Cahyo dan Wawa sedang berlibur di rumah kakek. Hari ini mereka berdua senang sekali untuk mengajak kakek mereka untuk memancing ikan sapu-sapu yang kini adalah spesies ikan terakhir yang dapat bertahan hidup di sungai tersebut.

“Kek, saya dapat satu ikan sapu-sapu lagi.”, cengir Cahyo kepada kakek.

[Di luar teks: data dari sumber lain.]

lemma abs_moments_centre_inside:
  fixes \<alpha> l s :: real
  assumes "0 \<le> \<alpha>" "0 \<le> l" "0 < s" "\<alpha> * l \<le> 1 - \<alpha>"
  shows "((\<lambda>t. \<bar>t - \<alpha> * l\<bar>) has_integral gam2 \<alpha> l) {0..1 - \<alpha>}"
    and "((\<lambda>t. \<bar>t - \<alpha> * l\<bar> * t powr s) has_integral c1 \<alpha> l s) {0..1 - \<alpha>}"
    and "((\<lambda>t. \<bar>t - \<alpha> * l\<bar> * (1 - t) powr s) has_integral c2 \<alpha> l s) {0..1 - \<alpha>}"
proof -
  define c where "c = \<alpha> * l"
  have c: "0 \<le> c" "c \<le> 1 - \<alpha>" using assms by (simp_all add: c_def)
  have s: "s + 1 \<noteq> 0" "s + 2 \<noteq> 0" using assms by simp_all
  have "((\<lambda>t. \<bar>t - c\<bar> * 1) has_integral
         ((0 - c)^2/2 + (1 - \<alpha> - c)^2/2 - 2 * ((c - c)^2/2))) {0..1 - \<alpha>}"
    by (rule has_integral_abs_sub_mult(3))
       (use c in \<open>auto intro!: derivative_eq_intros continuous_intros\<close>)
  moreover have "(0 - c)^2/2 + (1 - \<alpha> - c)^2/2 - 2 * ((c - c)^2/2) = gam2 \<alpha> l"
    by (simp add: c_def gam2_def gam1_def power2_eq_square field_simps)
  ultimately show "((\<lambda>t. \<bar>t - \<alpha> * l\<bar>) has_integral gam2 \<alpha> l) {0..1 - \<alpha>}"
    by (simp add: c_def)
  have "moment_primitive s c 0 + moment_primitive s c (1 - \<alpha>) - 2 * moment_primitive s c c
      = c1 \<alpha> l s"
    using mult_powr_plus_one[of c s] c s
    unfolding moment_primitive_def c1_def c_def[symmetric]
    by (simp add: divide_simps) (simp add: algebra_simps)
  then show "((\<lambda>t. \<bar>t - \<alpha> * l\<bar> * t powr s) has_integral c1 \<alpha> l s) {0..1 - \<alpha>}"
    using has_integral_abs_sub_mult_powr(3)[of 0 "1 - \<alpha>" s c] c assms by (simp add: c_def)
  have "moment_primitive s (1 - c) \<alpha> + moment_primitive s (1 - c) 1
      - 2 * moment_primitive s (1 - c) (1 - c) = c2 \<alpha> l s"
    using mult_powr_plus_one[of "1 - c" s] mult_powr_plus_one[of \<alpha> s] c s assms
    unfolding moment_primitive_def c2_def c_def[symmetric]
    by (simp add: divide_simps) (simp add: algebra_simps)
  then have "((\<lambda>t. \<bar>t - (1 - c)\<bar> * t powr s) has_integral c2 \<alpha> l s) {\<alpha>..1}"
    using has_integral_abs_sub_mult_powr(3)[of \<alpha> 1 s "1 - c"] c assms by simp
  from has_integral_reflect_one_minus[OF this]
  show "((\<lambda>t. \<bar>t - \<alpha> * l\<bar> * (1 - t) powr s) has_integral c2 \<alpha> l s) {0..1 - \<alpha>}"
    by (simp add: c_def abs_minus_commute)
qed

lemma abs_moments_centre_right:
  fixes \<alpha> l s :: real
  assumes "0 \<le> \<alpha>" "\<alpha> \<le> 1" "0 < s" "1 - \<alpha> \<le> \<alpha> * l"
  shows "((\<lambda>t. \<bar>t - \<alpha> * l\<bar>) has_integral gam1 \<alpha> l) {0..1 - \<alpha>}"
    and "((\<lambda>t. \<bar>t - \<alpha> * l\<bar> * t powr s) has_integral c3 \<alpha> l s) {0..1 - \<alpha>}"
    and "((\<lambda>t. \<bar>t - \<alpha> * l\<bar> * (1 - t) powr s) has_integral c4 \<alpha> l s) {0..1 - \<alpha>}"
proof -
  define c where "c = \<alpha> * l"
  have c: "1 - \<alpha> \<le> c" using assms by (simp add: c_def)
  have s: "s + 1 \<noteq> 0" "s + 2 \<noteq> 0" using assms by simp_all
  have "((\<lambda>t. \<bar>t - c\<bar> * 1) has_integral ((0 - c)^2/2 - (1 - \<alpha> - c)^2/2)) {0..1 - \<alpha>}"
    by (rule has_integral_abs_sub_mult(2))
       (use c assms in \<open>auto intro!: derivative_eq_intros continuous_intros\<close>)
  moreover have "(0 - c)^2/2 - (1 - \<alpha> - c)^2/2 = gam1 \<alpha> l"
    by (simp add: c_def gam1_def power2_eq_square field_simps)
  ultimately show "((\<lambda>t. \<bar>t - \<alpha> * l\<bar>) has_integral gam1 \<alpha> l) {0..1 - \<alpha>}"
    by (simp add: c_def)
  have "moment_primitive s c 0 - moment_primitive s c (1 - \<alpha>) = c3 \<alpha> l s"
    using s unfolding moment_primitive_def c3_def c_def[symmetric] by (simp add: divide_simps)
  then show "((\<lambda>t. \<bar>t - \<alpha> * l\<bar> * t powr s) has_integral c3 \<alpha> l s) {0..1 - \<alpha>}"
    using has_integral_abs_sub_mult_powr(2)[of 0 "1 - \<alpha>" s c] c assms by (simp add: c_def)
  have "moment_primitive s (1 - c) 1 - moment_primitive s (1 - c) \<alpha> = c4 \<alpha> l s"
    using s unfolding moment_primitive_def c4_def c_def[symmetric]
    by (simp add: divide_simps) (simp add: algebra_simps)
  then have "((\<lambda>t. \<bar>t - (1 - c)\<bar> * t powr s) has_integral c4 \<alpha> l s) {\<alpha>..1}"
    using has_integral_abs_sub_mult_powr(1)[of \<alpha> 1 s "1 - c"] c assms by simp
  from has_integral_reflect_one_minus[OF this]
  show "((\<lambda>t. \<bar>t - \<alpha> * l\<bar> * (1 - t) powr s) has_integral c4 \<alpha> l s) {0..1 - \<alpha>}"
    by (simp add: c_def abs_minus_commute)
qed
lemma cube_reflect_pts:
  assumes H: "a \<in> hilbert_cube" "b \<in> hilbert_cube" "c \<in> hilbert_cube"
    and first: "a 1 = 0" "b 1 = 1/2" "c 1 = 1"
    and ab: "\<forall>k. k \<noteq> 1 \<longrightarrow> (a k - b k)^2 = side_sq k"
    and bc: "\<forall>k. k \<noteq> 1 \<longrightarrow> (b k - c k)^2 = side_sq k"
  shows "cube_reflect {k. a k \<noteq> 0} ` {pt_x, pt_y, pt_z} = {a, b, c}"
proof -
  let ?f = "cube_reflect {k. a k \<noteq> 0}"
  have zero: "a 0 = 0" "b 0 = 0" "c 0 = 0" using H by (auto simp: hilbert_cube_def)
  have "?f pt_x k = a k \<and> ?f pt_y k = b k \<and> ?f pt_z k = c k" for k
  proof (cases "2 \<le> k")
    case True
    then have "{a k, b k} = {0, 1 / real k}" "{b k, c k} = {0, 1 / real k}" "1 / real k \<noteq> 0"
      using ab bc coord_diff_sq_eq_side_sq_iff[OF H(1,2)] coord_diff_sq_eq_side_sq_iff[OF H(2,3)]
      by auto
    then have "(a k = 0 \<and> b k = 1 / real k \<and> c k = 0) \<or>
        (a k = 1 / real k \<and> b k = 0 \<and> c k = 1 / real k)"
      unfolding doubleton_eq_iff by auto
    moreover have "pt_x k = 0" "pt_y k = 1 / real k" "pt_z k = 0"
      using True by (auto simp: pt_x_def pt_y_def pt_z_def e_def)
    ultimately show ?thesis
      using \<open>1 / real k \<noteq> 0\<close> by (auto simp: cube_reflect_def)
  next
    case False
    then consider "k = 0" | "k = 1" by linarith
    then show ?thesis
    proof cases
      case 1
      then show ?thesis using zero by (simp add: cube_reflect_def pt_x_def pt_y_def pt_z_def e_def)
    next
      case 2
      then show ?thesis using first pts_first_coord by (simp add: cube_reflect_def)
    qed
  qed
  then have "?f pt_x = a" "?f pt_y = b" "?f pt_z = c" by (simp_all add: fun_eq_iff)
  then show ?thesis by simp
qed
lemma integral_power_diff_quotient:
  fixes s th :: real
  assumes "s \<le> 1"
  shows "integral {s..1} (\<lambda>t. ((1 - t + t * th) ^ m - th ^ m) / (1 - t))
    = (\<Sum>j<m. real (m choose Suc j) * (1 - th) ^ Suc j * th ^ (m - Suc j) * (1 - s) ^ Suc j / real (Suc j))"
proof -
  define c where "c j = real (m choose Suc j) * (1 - th) ^ Suc j * th ^ (m - Suc j)" for j
  define p where "p t = (\<Sum>j<m. c j * (1 - t) ^ j)" for t
  define P where "P t = - (\<Sum>j<m. c j * (1 - t) ^ Suc j / real (Suc j))" for t
  have "(P has_real_derivative p t) (at t)" for t
  proof -
    have "((\<lambda>t. c j * (1 - t) ^ Suc j / real (Suc j)) has_real_derivative - (c j * (1 - t) ^ j)) (at t)" for j
    proof -
      have "((\<lambda>t. (1 - t) ^ Suc j) has_real_derivative (1 + real j) * (- 1 * (1 - t) ^ j)) (at t)"
        by (intro DERIV_power_Suc derivative_eq_intros) auto
      from DERIV_cdivide[OF DERIV_cmult[OF this, of "c j"], of "real (Suc j)"] show ?thesis
        by (rule DERIV_cong) (simp add: field_simps)
    qed
    then have "((\<lambda>t. \<Sum>j<m. c j * (1 - t) ^ Suc j / real (Suc j)) has_real_derivative
        (\<Sum>j<m. - (c j * (1 - t) ^ j))) (at t)"
      by (rule DERIV_sum)
    from DERIV_minus[OF this] show ?thesis
      by (simp add: P_def[abs_def] p_def sum_negf)
  qed
  then have "(p has_integral P 1 - P s) {s..1}"
    using assms by (intro fundamental_theorem_of_calculus)
      (auto simp: has_real_derivative_iff_has_vector_derivative has_vector_derivative_at_within)
  moreover have "p t = ((1 - t + t * th) ^ m - th ^ m) / (1 - t)" if "t \<noteq> 1" for t
  proof -
    have "(1 - t + t * th) ^ m - th ^ m = (th + (1 - t) * (1 - th)) ^ m - th ^ m"
      by (simp add: algebra_simps)
    also have "\<dots> = (1 - t) * p t"
      unfolding power_add_mult_minus_power p_def c_def by simp
    finally show ?thesis
      using that by simp
  qed
  ultimately have "((\<lambda>t. ((1 - t + t * th) ^ m - th ^ m) / (1 - t)) has_integral P 1 - P s) {s..1}"
    by (subst has_integral_spike_finite_eq[of "{1}" _ p]) auto
  then show ?thesis
    by (simp add: integral_unique P_def c_def)
qed

lemma integral_power_diff_quotient_kappa_poly:
  fixes s th :: real
  assumes "s \<le> 1" "th \<noteq> 0"
  shows "integral {s..1} (\<lambda>t. ((1 - t + t * th) ^ m - th ^ m) / (1 - t))
    = th ^ m * kappa_poly m (real m * ((1 - s) * (1 - th) / th))"
proof (cases "m = 0")
  case False
  define y where "y = (1 - s) * (1 - th) / th"
  have "real m * y / real m = y"
    using False by simp
  moreover have "th ^ m * y ^ Suc j = (1 - th) ^ Suc j * th ^ (m - Suc j) * (1 - s) ^ Suc j"
    if "j < m" for j
  proof -
    have "th ^ m = th ^ (m - Suc j) * th ^ Suc j"
      by (subst power_add[symmetric]) (use that in simp)
    then show ?thesis
      using assms(2) by (simp add: y_def power_divide power_mult_distrib)
  qed
  ultimately show ?thesis
    unfolding integral_power_diff_quotient[OF assms(1)] kappa_poly_def y_def[symmetric] sum_distrib_left
    by (intro sum.cong) (simp_all add: mult_ac)
qed (simp add: kappa_poly_def)

lemma ex1_pos_root_strict_mono_on:
  fixes f :: "real \<Rightarrow> real"
  assumes "strict_mono_on {0..} f" "continuous_on {0..} f" "f 0 < c" "c \<le> f b" "0 \<le> b"
  shows "\<exists>!x. 0 < x \<and> f x = c"
proof -
  obtain x where "0 \<le> x" "x \<le> b" "f x = c"
    using IVT'[of f 0 c b] assms continuous_on_subset[OF assms(2)] by fastforce
  moreover have "x \<noteq> 0"
    using assms(3) \<open>f x = c\<close> by auto
  ultimately show ?thesis
    using strict_mono_on_eqD[OF assms(1)] by (intro ex1I[of _ x]) auto
qed

lemma summable_kappa_series_coeffs:
  "summable (\<lambda>j. inverse (fact (Suc j) * real (Suc j)) * x ^ j)"
proof (rule summable_comparison_test[OF _ summable_exp[of "\<bar>x\<bar>"]])
  show "\<exists>N. \<forall>j\<ge>N. norm (inverse (fact (Suc j) * real (Suc j)) * x ^ j) \<le> inverse (fact j) * \<bar>x\<bar> ^ j"
  proof (intro exI allI impI)
    fix j :: nat
    have "fact j * 1 \<le> fact j * (real (Suc j) * real (Suc j))"
      using mult_mono[of 1 "real (Suc j)" 1 "real (Suc j)"] by (intro mult_left_mono) simp_all
    then have "inverse (fact (Suc j) * real (Suc j)) \<le> (inverse (fact j) :: real)"
      by (intro le_imp_inverse_le) (simp_all add: algebra_simps)
    then have "inverse (fact (Suc j) * real (Suc j)) * \<bar>x\<bar> ^ j \<le> inverse (fact j) * \<bar>x\<bar> ^ j"
      by (rule mult_right_mono) simp
    then show "norm (inverse (fact (Suc j) * real (Suc j)) * x ^ j) \<le> inverse (fact j) * \<bar>x\<bar> ^ j"
      by (simp add: abs_mult power_abs)
  qed
qed

lemma kappa_series_eq_powser:
  "kappa_series x = x * (\<Sum>j. inverse (fact (Suc j) * real (Suc j)) * x ^ j)"
  unfolding kappa_series_def suminf_mult[OF summable_kappa_series_coeffs, symmetric]
  by (simp add: field_simps)

lemma summable_kappa_series: "summable (\<lambda>j. x ^ Suc j / (fact (Suc j) * real (Suc j)))"
  using summable_mult[OF summable_kappa_series_coeffs, of x x] by (simp add: field_simps)

lemma continuous_on_kappa_series: "continuous_on A kappa_series"
  unfolding kappa_series_eq_powser[abs_def]
  by (intro continuous_at_imp_continuous_on ballI continuous_intros
      isCont_powser_converges_everywhere summable_kappa_series_coeffs)

lemma strict_mono_on_kappa_series: "strict_mono_on {0..} kappa_series"
proof (rule strict_mono_onI)
  fix x y :: real
  assume "x \<in> {0..}" "x < y"
  then have "0 < (\<Sum>j. y ^ Suc j / (fact (Suc j) * real (Suc j)) - x ^ Suc j / (fact (Suc j) * real (Suc j)))"
    by (intro suminf_pos2[where i = 0] summable_diff summable_kappa_series)
      (auto intro!: divide_right_mono power_mono simp del: power_Suc)
  then show "kappa_series x < kappa_series y"
    unfolding kappa_series_def suminf_diff[OF summable_kappa_series summable_kappa_series, symmetric]
    by simp
qed

lemma kappa_pos_root: "0 < kappa" "kappa_series kappa = 1"
proof -
  have "(\<Sum>j<1. 1 ^ Suc j / (fact (Suc j) * real (Suc j))) \<le> kappa_series 1"
    unfolding kappa_series_def by (rule sum_le_suminf[OF summable_kappa_series]) auto
  then have "\<exists>!k. 0 < k \<and> kappa_series k = 1"
    by (intro ex1_pos_root_strict_mono_on[OF strict_mono_on_kappa_series continuous_on_kappa_series, of 1 1])
      (auto simp: kappa_series_def)
  from theI'[OF this] show "0 < kappa" "kappa_series kappa = 1"
    unfolding kappa_def kappa_series_def[abs_def] by auto
qed

lemma continuous_on_kappa_poly: "continuous_on A (kappa_poly m)"
  unfolding kappa_poly_def by (intro continuous_intros) auto

lemma strict_mono_on_kappa_poly:
  assumes "0 < m"
  shows "strict_mono_on {0..} (kappa_poly m)"
proof (rule strict_mono_onI)
  fix x y :: real
  assume "x \<in> {0..}" "x < y"
  then show "kappa_poly m x < kappa_poly m y"
    unfolding kappa_poly_def using assms
    by (intro sum_strict_mono_ex1 bexI[of _ 0])
      (auto intro!: divide_right_mono mult_left_mono power_mono simp del: power_Suc)
qed

lemma ex1_kappa_poly_root:
  assumes "0 < m"
  shows "\<exists>!x. 0 < x \<and> kappa_poly m x = 1"
proof (rule ex1_pos_root_strict_mono_on[OF strict_mono_on_kappa_poly[OF assms] continuous_on_kappa_poly])
  have "real (m choose Suc 0) * (real m / real m) ^ Suc 0 / real (Suc 0) \<le> kappa_poly m (real m)"
    unfolding kappa_poly_def by (rule member_le_sum) (use assms in auto)
  then show "1 \<le> kappa_poly m (real m)"
    using assms by simp
qed (simp_all add: kappa_poly_def)

lemma kappa_poly_root_pos_root:
  assumes "0 < m"
  shows "0 < kappa_poly_root m" "kappa_poly m (kappa_poly_root m) = 1"
  using theI'[OF ex1_kappa_poly_root[OF assms]] unfolding kappa_poly_root_def by auto

lemma of_nat_choose_mult_fact: "real (m choose k) * fact k = (\<Prod>i<k. real m - real i)"
proof (induction k)
  case (Suc k)
  have "real (m choose Suc k) * real (Suc k) = (real m - real k) * real (m choose k)"
  proof (cases "k < m")
    case True
    then have "(m choose Suc k) * Suc k = (m - k) * (m choose k)"
      using binomial_absorb_comp[of m k] Suc_times_binomial_eq[of "m - 1" k] by simp
    then have "real ((m choose Suc k) * Suc k) = real ((m - k) * (m choose k))"
      by (rule arg_cong)
    then show ?thesis
      using True by (simp add: algebra_simps)
  qed (cases "k = m", simp_all add: binomial_eq_0)
  then have "real (m choose Suc k) * fact (Suc k) = (real m - real k) * (real (m choose k) * fact k)"
    by (simp add: mult.assoc[symmetric] del: of_nat_Suc)
  then show ?case
    unfolding Suc.IH by (simp add: mult.commute)
qed simp

lemma choose_mult_fact_div_power_tendsto:
  "(\<lambda>m. real (m choose k) * fact k / real m ^ k) \<longlonglongrightarrow> 1"
proof -
  have "(\<lambda>m. \<Prod>i<k. 1 - real i / real m) \<longlonglongrightarrow> (\<Prod>i<k. 1 - 0)"
    by (intro tendsto_prod tendsto_diff tendsto_const lim_const_over_n)
  then have "(\<lambda>m. \<Prod>i<k. 1 - real i / real m) \<longlonglongrightarrow> 1"
    by simp
  moreover have "\<forall>\<^sub>F m in sequentially. (\<Prod>i<k. 1 - real i / real m) = real (m choose k) * fact k / real m ^ k"
    using eventually_gt_at_top[of 0]
  proof eventually_elim
    case (elim m)
    have "(\<Prod>i<k. 1 - real i / real m) = (\<Prod>i<k. (real m - real i) / real m)"
      using elim by (intro prod.cong) (simp_all add: diff_divide_distrib)
    also have "\<dots> = real (m choose k) * fact k / real m ^ k"
      by (simp add: of_nat_choose_mult_fact prod_dividef)
    finally show ?case .
  qed
  ultimately show ?thesis
    by (rule Lim_transform_eventually)
qed

lemma kappa_poly_tendsto: "(\<lambda>m. kappa_poly m x) \<longlonglongrightarrow> kappa_series x"
proof -
  define w where "w j = x ^ Suc j / (fact (Suc j) * real (Suc j))" for j
  define a where "a j m = real (m choose Suc j) * fact (Suc j) / real m ^ Suc j * w j" for j m
  have "kappa_poly m x = (\<Sum>j. a j m)" for m
  proof -
    have "a j m = real (m choose Suc j) * (x / real m) ^ Suc j / real (Suc j)" for j
      by (cases "m = 0") (simp_all add: a_def w_def power_divide del: of_nat_Suc fact_Suc)
    then show ?thesis
      unfolding kappa_poly_def by (subst suminf_finite[of "{..<m}"]) (auto simp: binomial_eq_0)
  qed
  moreover have "(\<lambda>m. \<Sum>j. a j m) \<longlonglongrightarrow> (\<Sum>j. 1 * w j)"
  proof (rule tannerys_theorem[THEN conjunct2, THEN conjunct2])
    show "(\<lambda>m. a j m) \<longlonglongrightarrow> 1 * w j" for j
      unfolding a_def by (intro tendsto_mult_right choose_mult_fact_div_power_tendsto)
    have "real (m choose Suc j) * fact (Suc j) \<le> real m ^ Suc j" for m j
      using binomial_fact_pow[of m "Suc j"] by (metis of_nat_fact of_nat_le_iff of_nat_mult of_nat_power)
    then have "\<bar>real (m choose Suc j) * fact (Suc j) / real m ^ Suc j\<bar> \<le> 1" for m j
      by (cases "m = 0") (simp_all add: divide_le_eq_1)
    then have "norm (a j m) \<le> norm (w j)" for j m
      unfolding a_def abs_mult real_norm_def by (intro mult_left_le_one_le) simp_all
    then have "norm (a j m) \<le> \<bar>x\<bar> ^ Suc j / (fact (Suc j) * real (Suc j))" for j m
      by (simp add: w_def power_abs abs_mult)
    then show "\<forall>\<^sub>F (j, m) in at_top \<times>\<^sub>F sequentially. norm (a j m) \<le> \<bar>x\<bar> ^ Suc j / (fact (Suc j) * real (Suc j))"
      by (intro always_eventually) auto
  qed (use summable_kappa_series in simp_all)
  ultimately show ?thesis
    by (simp add: kappa_series_def w_def)
qed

“Wah, kakak hebat. Habis ini kita buat sapu-sapu bakar ya, kek.”, Wawa terkagum melihat kakaknya mendapatkan ikan sapu-sapu. Ia baru kali ini melihat ikan semacam itu. Selama ini Wawa enggan untuk ikut memancing sebab tidak tahan akan bau sungai bengawan itu. Namun, Cahyo, kakaknya, menyuapnya dengan membelikan minuman boba setelah memancing. Minuman tradisional yang sudah berusia seratus tahunan itu.

Mboten pareng, Wa. Tidak baik.”, kakeknya tersenyum lembut kepadanya.

“Kenapa kek? Kata Ayah, orang-orang dahulu suka memancing di kali, membakarnya dengan tusuk bambu kemudian di makan dengan..”, perkataannya terhenti dan terlihat mengingat-ingat.

“Nasi.”, Cahyo sembari melemparkan jorannya lagi.

“Iya itu, kek.”

“Iya benar. Jaman ayahnya kakek dulu memang masih ada orang-orang yang cari makan di kali ini. Sungainya coklat, tidak sehitam seperti sekarang. Kata ayahnya kakek, ada ikan yang punya kumis, namanya lele. Ada lagi sepat yang punya tahi lalat dan ikan cethol yang besarnya cuman se-kuku kakek.”, Kakek sembari menunjukkan kuku telunjuknya.

“Kok, lucu banget kek. Memang ikan yang lain pada kemana kek?”, pipi tembemnya ditopang dengan telunjuk mungilnya. Ia memang masih menginjak sekolah dasar. Namun pendidikan pada waktu ini sudah mengajarkan para siswa untuk berpikir kritis. Bukan belajar baca tulis saja.

“Sudah punah pada jaman ayahnya kakek dulu. Begitu juga dengan beras yang kata orang-orang adalah produk sebelum nasi.” Kakek tersenyum mengamati cucunya yang haus akan rasa ingin tahu.

“Kakek pernah makan nasi? Rasanya gimana kek? Cahyo pernah lihat video lama di platform youtube yang sekarang sudah tidak ada, kek. Warnanya putih kecil-kecil tapi banyak gitu. Terus, kok orang dahulu makannya bisa banyak ya, kek? Mukbang atau apa gitu. Cahyo lupa. Sedang, kita sekarang makan suplemen yang kalo Cahyo sendiri kurang kenyang makan 3 biji doang.”, Cahyo menggerutu kesal. Ia seperti ingin hidup di jaman itu.

“Iya pernah. Itu warisan ayahnya kakek dulu.”, kakek mengingat-ingat.

“Gimana kek rasanya”, serempak bertanya.

“Enak. Kakek tidak pernah lupa suapan demi suapannya. Belum juga lauk pauk seperti ayam, telur, kangkung, lodeh, gori dan sebagainya. Yang dahulu masih mudah dan murah didapatkan.”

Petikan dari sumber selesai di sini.